** Source data follows **

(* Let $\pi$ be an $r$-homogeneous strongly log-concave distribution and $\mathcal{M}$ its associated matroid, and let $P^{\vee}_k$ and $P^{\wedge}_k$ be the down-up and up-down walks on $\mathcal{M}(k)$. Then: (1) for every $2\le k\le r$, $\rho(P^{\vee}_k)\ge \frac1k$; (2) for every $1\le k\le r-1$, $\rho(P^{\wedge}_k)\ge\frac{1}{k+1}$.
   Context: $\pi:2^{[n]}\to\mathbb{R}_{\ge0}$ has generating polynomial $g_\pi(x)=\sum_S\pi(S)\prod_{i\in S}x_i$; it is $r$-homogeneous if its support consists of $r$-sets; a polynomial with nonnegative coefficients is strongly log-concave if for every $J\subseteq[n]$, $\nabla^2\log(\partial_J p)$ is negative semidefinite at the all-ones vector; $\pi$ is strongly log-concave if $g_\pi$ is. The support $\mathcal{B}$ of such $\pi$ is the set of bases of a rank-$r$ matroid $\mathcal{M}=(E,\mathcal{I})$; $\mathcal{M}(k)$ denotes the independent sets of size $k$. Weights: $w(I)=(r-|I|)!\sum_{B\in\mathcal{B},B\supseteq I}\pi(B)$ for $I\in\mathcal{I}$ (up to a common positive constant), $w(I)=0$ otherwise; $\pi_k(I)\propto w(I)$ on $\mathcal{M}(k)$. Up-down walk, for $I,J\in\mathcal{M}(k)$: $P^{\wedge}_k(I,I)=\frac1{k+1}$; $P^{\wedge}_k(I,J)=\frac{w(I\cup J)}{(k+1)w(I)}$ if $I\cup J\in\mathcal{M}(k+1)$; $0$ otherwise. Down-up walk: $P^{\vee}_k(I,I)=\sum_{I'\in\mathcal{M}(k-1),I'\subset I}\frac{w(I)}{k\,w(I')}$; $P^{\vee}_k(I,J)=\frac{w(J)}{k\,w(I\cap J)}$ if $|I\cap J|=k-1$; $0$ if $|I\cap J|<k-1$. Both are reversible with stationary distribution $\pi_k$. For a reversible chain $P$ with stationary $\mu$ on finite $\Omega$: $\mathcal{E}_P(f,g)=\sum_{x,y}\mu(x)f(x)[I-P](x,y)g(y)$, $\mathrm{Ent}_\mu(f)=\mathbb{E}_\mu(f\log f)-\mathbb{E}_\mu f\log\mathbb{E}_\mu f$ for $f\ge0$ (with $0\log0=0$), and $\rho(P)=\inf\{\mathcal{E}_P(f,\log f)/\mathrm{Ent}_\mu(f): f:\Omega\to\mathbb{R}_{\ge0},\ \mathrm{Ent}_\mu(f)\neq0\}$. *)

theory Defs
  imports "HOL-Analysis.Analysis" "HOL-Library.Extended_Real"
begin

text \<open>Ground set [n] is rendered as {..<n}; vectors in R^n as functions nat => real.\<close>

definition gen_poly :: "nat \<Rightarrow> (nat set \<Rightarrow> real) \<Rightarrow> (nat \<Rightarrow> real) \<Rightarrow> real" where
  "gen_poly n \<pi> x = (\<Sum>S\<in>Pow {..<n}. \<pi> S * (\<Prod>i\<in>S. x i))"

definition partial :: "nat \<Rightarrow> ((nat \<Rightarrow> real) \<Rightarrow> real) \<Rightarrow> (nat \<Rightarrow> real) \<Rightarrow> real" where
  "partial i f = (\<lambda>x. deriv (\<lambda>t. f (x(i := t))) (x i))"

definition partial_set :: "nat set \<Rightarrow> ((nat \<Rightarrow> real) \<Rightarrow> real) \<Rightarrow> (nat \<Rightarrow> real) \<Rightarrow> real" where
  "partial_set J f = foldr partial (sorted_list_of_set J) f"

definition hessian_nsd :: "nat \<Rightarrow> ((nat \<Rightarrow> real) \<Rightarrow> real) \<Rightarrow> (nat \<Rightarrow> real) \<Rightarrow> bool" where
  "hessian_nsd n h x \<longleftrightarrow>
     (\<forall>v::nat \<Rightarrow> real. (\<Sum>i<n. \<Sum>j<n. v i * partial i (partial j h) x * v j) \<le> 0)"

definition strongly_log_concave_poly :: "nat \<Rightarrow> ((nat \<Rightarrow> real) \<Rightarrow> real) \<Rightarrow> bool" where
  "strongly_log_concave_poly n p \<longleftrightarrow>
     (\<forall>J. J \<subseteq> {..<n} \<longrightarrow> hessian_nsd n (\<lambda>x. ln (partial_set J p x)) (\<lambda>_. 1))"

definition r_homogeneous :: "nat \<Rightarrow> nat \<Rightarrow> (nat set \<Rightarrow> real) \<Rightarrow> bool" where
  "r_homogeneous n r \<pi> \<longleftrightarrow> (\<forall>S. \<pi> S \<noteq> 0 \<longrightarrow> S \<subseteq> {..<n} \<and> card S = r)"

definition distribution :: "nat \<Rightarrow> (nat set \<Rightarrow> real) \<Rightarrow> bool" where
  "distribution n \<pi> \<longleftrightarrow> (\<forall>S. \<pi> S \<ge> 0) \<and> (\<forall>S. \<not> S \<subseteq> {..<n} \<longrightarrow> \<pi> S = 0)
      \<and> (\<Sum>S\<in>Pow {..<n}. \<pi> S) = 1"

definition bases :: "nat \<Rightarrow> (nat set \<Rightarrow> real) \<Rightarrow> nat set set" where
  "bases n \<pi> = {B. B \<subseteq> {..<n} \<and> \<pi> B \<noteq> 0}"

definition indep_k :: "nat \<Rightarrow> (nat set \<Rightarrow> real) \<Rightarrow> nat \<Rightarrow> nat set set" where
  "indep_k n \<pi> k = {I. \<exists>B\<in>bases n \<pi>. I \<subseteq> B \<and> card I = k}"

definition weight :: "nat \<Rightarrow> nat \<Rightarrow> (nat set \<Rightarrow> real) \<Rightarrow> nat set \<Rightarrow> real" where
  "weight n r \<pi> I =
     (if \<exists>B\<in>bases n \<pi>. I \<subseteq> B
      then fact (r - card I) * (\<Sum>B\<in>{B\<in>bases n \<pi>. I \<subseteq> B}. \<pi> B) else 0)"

** End of Source data **

- Exercise description:
Copy every line of the data above exactly.

- Result of this task:
(* Let $\pi$ be an $r$-homogeneous strongly log-concave distribution and $\mathcal{M}$ its associated matroid, and let $P^{\vee}_k$ and $P^{\wedge}_k$ be the down-up and up-down walks on $\mathcal{M}(k)$. Then: (1) for every $2\le k\le r$, $\rho(P^{\vee}_k)\ge \frac1k$; (2) for every $1\le k\le r-1$, $\rho(P^{\wedge}_k)\ge\frac{1}{k+1}$.
   Context: $\pi:2^{[n]}\to\mathbb{R}_{\ge0}$ has generating polynomial $g_\pi(x)=\sum_S\pi(S)\prod_{i\in S}x_i$; it is $r$-homogeneous if its support consists of $r$-sets; a polynomial with nonnegative coefficients is strongly log-concave if for every $J\subseteq[n]$, $\nabla^2\log(\partial_J p)$ is negative semidefinite at the all-ones vector; $\pi$ is strongly log-concave if $g_\pi$ is. The support $\mathcal{B}$ of such $\pi$ is the set of bases of a rank-$r$ matroid $\mathcal{M}=(E,\mathcal{I})$; $\mathcal{M}(k)$ denotes the independent sets of size $k$. Weights: $w(I)=(r-|I|)!\sum_{B\in\mathcal{B},B\supseteq I}\pi(B)$ for $I\in\mathcal{I}$ (up to a common positive constant), $w(I)=0$ otherwise; $\pi_k(I)\propto w(I)$ on $\mathcal{M}(k)$. Up-down walk, for $I,J\in\mathcal{M}(k)$: $P^{\wedge}_k(I,I)=\frac1{k+1}$; $P^{\wedge}_k(I,J)=\frac{w(I\cup J)}{(k+1)w(I)}$ if $I\cup J\in\mathcal{M}(k+1)$; $0$ otherwise. Down-up walk: $P^{\vee}_k(I,I)=\sum_{I'\in\mathcal{M}(k-1),I'\subset I}\frac{w(I)}{k\,w(I')}$; $P^{\vee}_k(I,J)=\frac{w(J)}{k\,w(I\cap J)}$ if $|I\cap J|=k-1$; $0$ if $|I\cap J|<k-1$. Both are reversible with stationary distribution $\pi_k$. For a reversible chain $P$ with stationary $\mu$ on finite $\Omega$: $\mathcal{E}_P(f,g)=\sum_{x,y}\mu(x)f(x)[I-P](x,y)g(y)$, $\mathrm{Ent}_\mu(f)=\mathbb{E}_\mu(f\log f)-\mathbb{E}_\mu f\log\mathbb{E}_\mu f$ for $f\ge0$ (with $0\log0=0$), and $\rho(P)=\inf\{\mathcal{E}_P(f,\log f)/\mathrm{Ent}_\mu(f): f:\Omega\to\mathbb{R}_{\ge0},\ \mathrm{Ent}_\mu(f)\neq0\}$. *)

theory Defs
  imports "HOL-Analysis.Analysis" "HOL-Library.Extended_Real"
begin

text \<open>Ground set [n] is rendered as {..<n}; vectors in R^n as functions nat => real.\<close>

definition gen_poly :: "nat \<Rightarrow> (nat set \<Rightarrow> real) \<Rightarrow> (nat \<Rightarrow> real) \<Rightarrow> real" where
  "gen_poly n \<pi> x = (\<Sum>S\<in>Pow {..<n}. \<pi> S * (\<Prod>i\<in>S. x i))"

definition partial :: "nat \<Rightarrow> ((nat \<Rightarrow> real) \<Rightarrow> real) \<Rightarrow> (nat \<Rightarrow> real) \<Rightarrow> real" where
  "partial i f = (\<lambda>x. deriv (\<lambda>t. f (x(i := t))) (x i))"

definition partial_set :: "nat set \<Rightarrow> ((nat \<Rightarrow> real) \<Rightarrow> real) \<Rightarrow> (nat \<Rightarrow> real) \<Rightarrow> real" where
  "partial_set J f = foldr partial (sorted_list_of_set J) f"

definition hessian_nsd :: "nat \<Rightarrow> ((nat \<Rightarrow> real) \<Rightarrow> real) \<Rightarrow> (nat \<Rightarrow> real) \<Rightarrow> bool" where
  "hessian_nsd n h x \<longleftrightarrow>
     (\<forall>v::nat \<Rightarrow> real. (\<Sum>i<n. \<Sum>j<n. v i * partial i (partial j h) x * v j) \<le> 0)"

definition strongly_log_concave_poly :: "nat \<Rightarrow> ((nat \<Rightarrow> real) \<Rightarrow> real) \<Rightarrow> bool" where
  "strongly_log_concave_poly n p \<longleftrightarrow>
     (\<forall>J. J \<subseteq> {..<n} \<longrightarrow> hessian_nsd n (\<lambda>x. ln (partial_set J p x)) (\<lambda>_. 1))"

definition r_homogeneous :: "nat \<Rightarrow> nat \<Rightarrow> (nat set \<Rightarrow> real) \<Rightarrow> bool" where
  "r_homogeneous n r \<pi> \<longleftrightarrow> (\<forall>S. \<pi> S \<noteq> 0 \<longrightarrow> S \<subseteq> {..<n} \<and> card S = r)"

definition distribution :: "nat \<Rightarrow> (nat set \<Rightarrow> real) \<Rightarrow> bool" where
  "distribution n \<pi> \<longleftrightarrow> (\<forall>S. \<pi> S \<ge> 0) \<and> (\<forall>S. \<not> S \<subseteq> {..<n} \<longrightarrow> \<pi> S = 0)
      \<and> (\<Sum>S\<in>Pow {..<n}. \<pi> S) = 1"

definition bases :: "nat \<Rightarrow> (nat set \<Rightarrow> real) \<Rightarrow> nat set set" where
  "bases n \<pi> = {B. B \<subseteq> {..<n} \<and> \<pi> B \<noteq> 0}"

definition indep_k :: "nat \<Rightarrow> (nat set \<Rightarrow> real) \<Rightarrow> nat \<Rightarrow> nat set set" where
  "indep_k n \<pi> k = {I. \<exists>B\<in>bases n \<pi>. I \<subseteq> B \<and> card I = k}"

definition weight :: "nat \<Rightarrow> nat \<Rightarrow> (nat set \<Rightarrow> real) \<Rightarrow> nat set \<Rightarrow> real" where
  "weight n r \<pi> I =
     (if \<exists>B\<in>bases n \<pi>. I \<subseteq> B
      then fact (r - card I) * (\<Sum>B\<in>{B\<in>bases n \<pi>. I \<subseteq> B}. \<pi> B) else 0)"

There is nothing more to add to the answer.